**WHAT IS EXPECTED:**
Starting at the line with "real) \<Rightarrow> 'n" and going on through the line with "if T = 0 \<or> T = \<infinity> then 0", reproduce each line in the records below exactly and nothing more.

Stored data entries:
(* Fix a dyadic cube $R$. Suppose $(Q_1,k_1),\dots,(Q_c,k_c)$ are pairwise distinct pairs, where each $k_l$ is an integer, $Q_l\in\mathcal Q^3_{k_l}$, and $R\in\mathcal R_{k_l}(Q_l)$. Then $c\lesssim1$, with implied constant depending only on the dimension $d$ and on $\eta$.
   Context: Setting: $\mathcal D$ a dyadic grid in $\mathbb R^d$, $\mathcal Q\subset\mathcal D$, $\tau=\{\tau_P\}_{P\in\mathcal Q}$ nonnegative constants, $\sigma,w$ weights (positive locally integrable functions), $1<q<\infty$, $f\ge0$ bounded with compact support, and $0<\eta<1$ a fixed parameter. $\mathbb E_P(g)=|P|^{-1}\int_P g$; $\overline T(f\sigma)(x)=\big(\sum_{P\in\mathcal Q}|\tau_P\mathbb E_P(f\sigma)\mathbf 1_P(x)|^q\big)^{1/q}$; $U(\{g_Pw\}_{P\in\mathcal Q})(x)=\sum_{P\in\mathcal Q}\mathbb E_P(g_Pw)\tau_P\mathbf 1_P(x)$; $a_P=(\mathbb E_P(f\sigma)\tau_P)^{q-1}\mathbf 1_P\,(\overline T(f\sigma))^{-1/q'}$ with $1/q+1/q'=1$. $\Omega_k=\{\overline T(f\sigma)>2^k\}$; $Q^{(1)}$ is the dyadic parent of $Q$ and $Q^{(j+1)}=(Q^{(j)})^{(1)}$. For each $k$, $\mathcal Q_k$ is a collection of pairwise disjoint dyadic cubes with $\Omega_k=\bigcup_{Q\in\mathcal Q_k}Q$; $Q^{(1)}\subset\Omega_k$, $Q^{(2)}\cap\Omega_k^c\ne\emptyset$ for $Q\in\mathcal Q_k$; $\sum_{Q\in\mathcal Q_k}\mathbf 1_{Q^{(1)}}\lesssim\mathbf 1_{\Omega_k}$; $\sup_{Q\in\mathcal Q_k}\#\{Q'\in\mathcal Q_k:Q'\cap Q^{(1)}\ne\emptyset\}\lesssim1$; $Q\in\mathcal Q_k$, $Q'\in\mathcal Q_l$, $Q\subsetneq Q'$ implies $k>l$. For $Q\in\mathcal Q_k$: $E_k(Q)=Q\cap(\Omega_{k+2}\setminus\Omega_{k+3})$, $\alpha_k(Q)=\int_{Q^{(1)}\setminus\Omega_{k+3}}f\,U(\{a_P\mathbf 1_{E_k(Q)}w\}_{P\in\mathcal Q})\sigma$, $\beta_k(Q)=\int_{Q^{(1)}\cap\Omega_{k+3}}f\,U(\{a_P\mathbf 1_{E_k(Q)}w\}_{P\in\mathcal Q})\sigma$; $\mathcal Q_k^3$ is the set of $Q\in\mathcal Q_k$ with $w(E_k(Q))>\eta w(Q)$ and $\alpha_k(Q)\le\beta_k(Q)$; and $\mathcal R_k(Q)=\{R\in\mathcal Q_{k+3}:Q^{(1)}\cap R\ne\emptyset\}$. *)

theory Defs
  imports "HOL-Analysis.Analysis"
begin

type_synonym 'n cube = "(real^'n) set"

definition hcube :: "real^('n::finite) \<Rightarrow> real \<Rightarrow> 'n cube" where
  "hcube a l = {x. \<forall>i. a$i \<le> x$i \<and> x$i < a$i + l}"

definition dyadic_grid :: "('n::finite) cube set \<Rightarrow> bool" where
  "dyadic_grid D \<longleftrightarrow> (\<exists>G :: int \<Rightarrow> 'n cube set.
      D = (\<Union>j. G j)
    \<and> (\<forall>j. \<forall>Q\<in>G j. \<exists>a. Q = hcube a (2 powr (- real_of_int j)))
    \<and> (\<forall>j x. \<exists>!Q. Q \<in> G j \<and> x \<in> Q)
    \<and> (\<forall>j. \<forall>Q\<in>G (j+1). \<exists>P\<in>G j. Q \<subseteq> P))"

definition parent :: "('n::finite) cube set \<Rightarrow> 'n cube \<Rightarrow> 'n cube" where
  "parent D Q = (THE P. P \<in> D \<and> Q \<subset> P \<and> (\<forall>P'\<in>D. Q \<subset> P' \<longrightarrow> P \<subseteq> P'))"

text \<open>Average E_P(g) = |P|^{-1} \<integral>_P g of a nonnegative function (finite in all uses).\<close>
definition avg :: "('n::finite) cube \<Rightarrow> (real^'n \<Rightarrow> real) \<Rightarrow> real" where
  "avg P g = enn2real (\<integral>\<^sup>+ x. ennreal (g x) * indicator P x \<partial>lebesgue) / measure lebesgue P"

definition wmeas :: "(real^('n::finite) \<Rightarrow> real) \<Rightarrow> (real^'n) set \<Rightarrow> ennreal" where
  "wmeas w E = (\<integral>\<^sup>+ x. ennreal (w x) * indicator E x \<partial>lebesgue)"

definition Tbar :: "('n::finite) cube set \<Rightarrow> ('n cube \<Rightarrow> real) \<Rightarrow> real \<Rightarrow> (real^'n \<Rightarrow> real)
    \<Rightarrow> (real^'n \<Rightarrow> real) \<Rightarrow> real^'n \<Rightarrow> ennreal" where
  "Tbar Qs \<tau> q f \<sigma> x =
     (let S = (\<Sum>\<^sub>\<infinity>P\<in>Qs. ennreal (\<bar>\<tau> P * avg P (\<lambda>y. f y * \<sigma> y) * indicator P x\<bar> powr q))
      in if S = \<infinity> then \<infinity> else ennreal (enn2real S powr (1 / q)))"

definition aP :: "('n::finite) cube set \<Rightarrow> ('n cube \<Rightarrow> real) \<Rightarrow> real \<Rightarrow> (real^'n \<Rightarrow> real)
    \<Rightarrow> (real^'n \<Rightarrow> real) \<Rightarrow> 'n cube \<Rightarrow> real^'n \<Rightarrow> real" where
  "aP Qs \<tau> q f \<sigma> P x =
     (let T = Tbar Qs \<tau> q f \<sigma> x; q' = q / (q - 1) in
      if T = 0 \<or> T = \<infinity> then 0
      else (avg P (\<lambda>y. f y * \<sigma> y) * \<tau> P) powr (q - 1) * indicator P x
           * enn2real T powr (- 1 / q'))"

definition Uop :: "('n::finite) cube set \<Rightarrow> ('n cube \<Rightarrow> real) \<Rightarrow> ('n cube \<Rightarrow> real^'n \<Rightarrow> real)
    \<Rightarrow> (real^'n \<Rightarrow> real) \<Rightarrow> real^'n \<Rightarrow> ennreal" where
  "Uop Qs \<tau> g w x = (\<Sum>\<^sub>\<infinity>P\<in>Qs. ennreal (avg P (\<lambda>y. g P y * w y) * \<tau> P * indicator P x))"

definition Omega :: "('n::finite) cube set \<Rightarrow> ('n cube \<Rightarrow> real) \<Rightarrow> real \<Rightarrow> (real^'n \<Rightarrow> real)
    \<Rightarrow> (real^'n \<Rightarrow> real) \<Rightarrow> int \<Rightarrow> (real^'n) set" where
  "Omega Qs \<tau> q f \<sigma> k = {x. Tbar Qs \<tau> q f \<sigma> x > ennreal (2 powr real_of_int k)}"

definition Ek :: "('n::finite) cube set \<Rightarrow> ('n cube \<Rightarrow> real) \<Rightarrow> real \<Rightarrow> (real^'n \<Rightarrow> real)
    \<Rightarrow> (real^'n \<Rightarrow> real) \<Rightarrow> int \<Rightarrow> 'n cube \<Rightarrow> (real^'n) set" where
  "Ek Qs \<tau> q f \<sigma> k Q = Q \<inter> (Omega Qs \<tau> q f \<sigma> (k+2) - Omega Qs \<tau> q f \<sigma> (k+3))"

definition UE :: "('n::finite) cube set \<Rightarrow> ('n cube \<Rightarrow> real) \<Rightarrow> real \<Rightarrow> (real^'n \<Rightarrow> real)
    \<Rightarrow> (real^'n \<Rightarrow> real) \<Rightarrow> (real^'n \<Rightarrow> real) \<Rightarrow> int \<Rightarrow> 'n cube \<Rightarrow> real^'n \<Rightarrow> ennreal" where
  "UE Qs \<tau> q f \<sigma> w k Q =
     Uop Qs \<tau> (\<lambda>P y. aP Qs \<tau> q f \<sigma> P y * indicator (Ek Qs \<tau> q f \<sigma> k Q) y) w"

definition alpha :: "('n::finite) cube set \<Rightarrow> 'n cube set \<Rightarrow> ('n cube \<Rightarrow> real) \<Rightarrow> real \<Rightarrow> (real^'n \<Rightarrow> real)
    \<Rightarrow> (real^'n \<Rightarrow> real) \<Rightarrow> (real^'n \<Rightarrow> real) \<Rightarrow> int \<Rightarrow> 'n cube \<Rightarrow> ennreal" where
  "alpha D Qs \<tau> q f \<sigma> w k Q =
     (\<integral>\<^sup>+ x. ennreal (f x) * UE Qs \<tau> q f \<sigma> w k Q x * ennreal (\<sigma> x)
        * indicator (parent D Q - Omega Qs \<tau> q f \<sigma> (k+3)) x \<partial>lebesgue)"

definition beta :: "('n::finite) cube set \<Rightarrow> 'n cube set \<Rightarrow> ('n cube \<Rightarrow> real) \<Rightarrow> real \<Rightarrow> (real^'n \<Rightarrow> real)
    \<Rightarrow> (real^'n \<Rightarrow> real) \<Rightarrow> (real^'n \<Rightarrow> real) \<Rightarrow> int \<Rightarrow> 'n cube \<Rightarrow> ennreal" where
  "beta D Qs \<tau> q f \<sigma> w k Q =
     (\<integral>\<^sup>+ x. ennreal (f x) * UE Qs \<tau> q f \<sigma> w k Q x * ennreal (\<sigma> x)
        * indicator (parent D Q \<inter> Omega Qs \<tau> q f \<sigma> (k+3)) x \<partial>lebesgue)"

text \<open>\<Q>^3_k, relative to the chosen Whitney families Qf k = \<Q>_k.\<close>
definition Q3 :: "('n::finite) cube set \<Rightarrow> 'n cube set \<Rightarrow> ('n cube \<Rightarrow> real) \<Rightarrow> real \<Rightarrow> (real^'n \<Rightarrow> real)
    \<Rightarrow> (real^'n \<Rightarrow> real) \<Rightarrow> (real^'n \<Rightarrow> real) \<Rightarrow> real \<Rightarrow> (int \<Rightarrow> 'n cube set) \<Rightarrow> int \<Rightarrow> 'n cube set" where
  "Q3 D Qs \<tau> q f \<sigma> w \<eta> Qf k = {Q \<in> Qf k.
      wmeas w (Ek Qs \<tau> q f \<sigma> k Q) > ennreal \<eta> * wmeas w Q
    \<and> alpha D Qs \<tau> q f \<sigma> w k Q \<le> beta D Qs \<tau> q f \<sigma> w k Q}"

**EXERCISE OUTPUT:**
    \<Rightarrow> (real^'n \<Rightarrow> real) \<Rightarrow> 'n cube \<Rightarrow> real^'n \<Rightarrow> real" where
  "aP Qs \<tau> q f \<sigma> P x =
     (let T = Tbar Qs \<tau> q f \<sigma> x; q' = q / (q - 1) in
      if T = 0 \<or> T = \<infinity> then 0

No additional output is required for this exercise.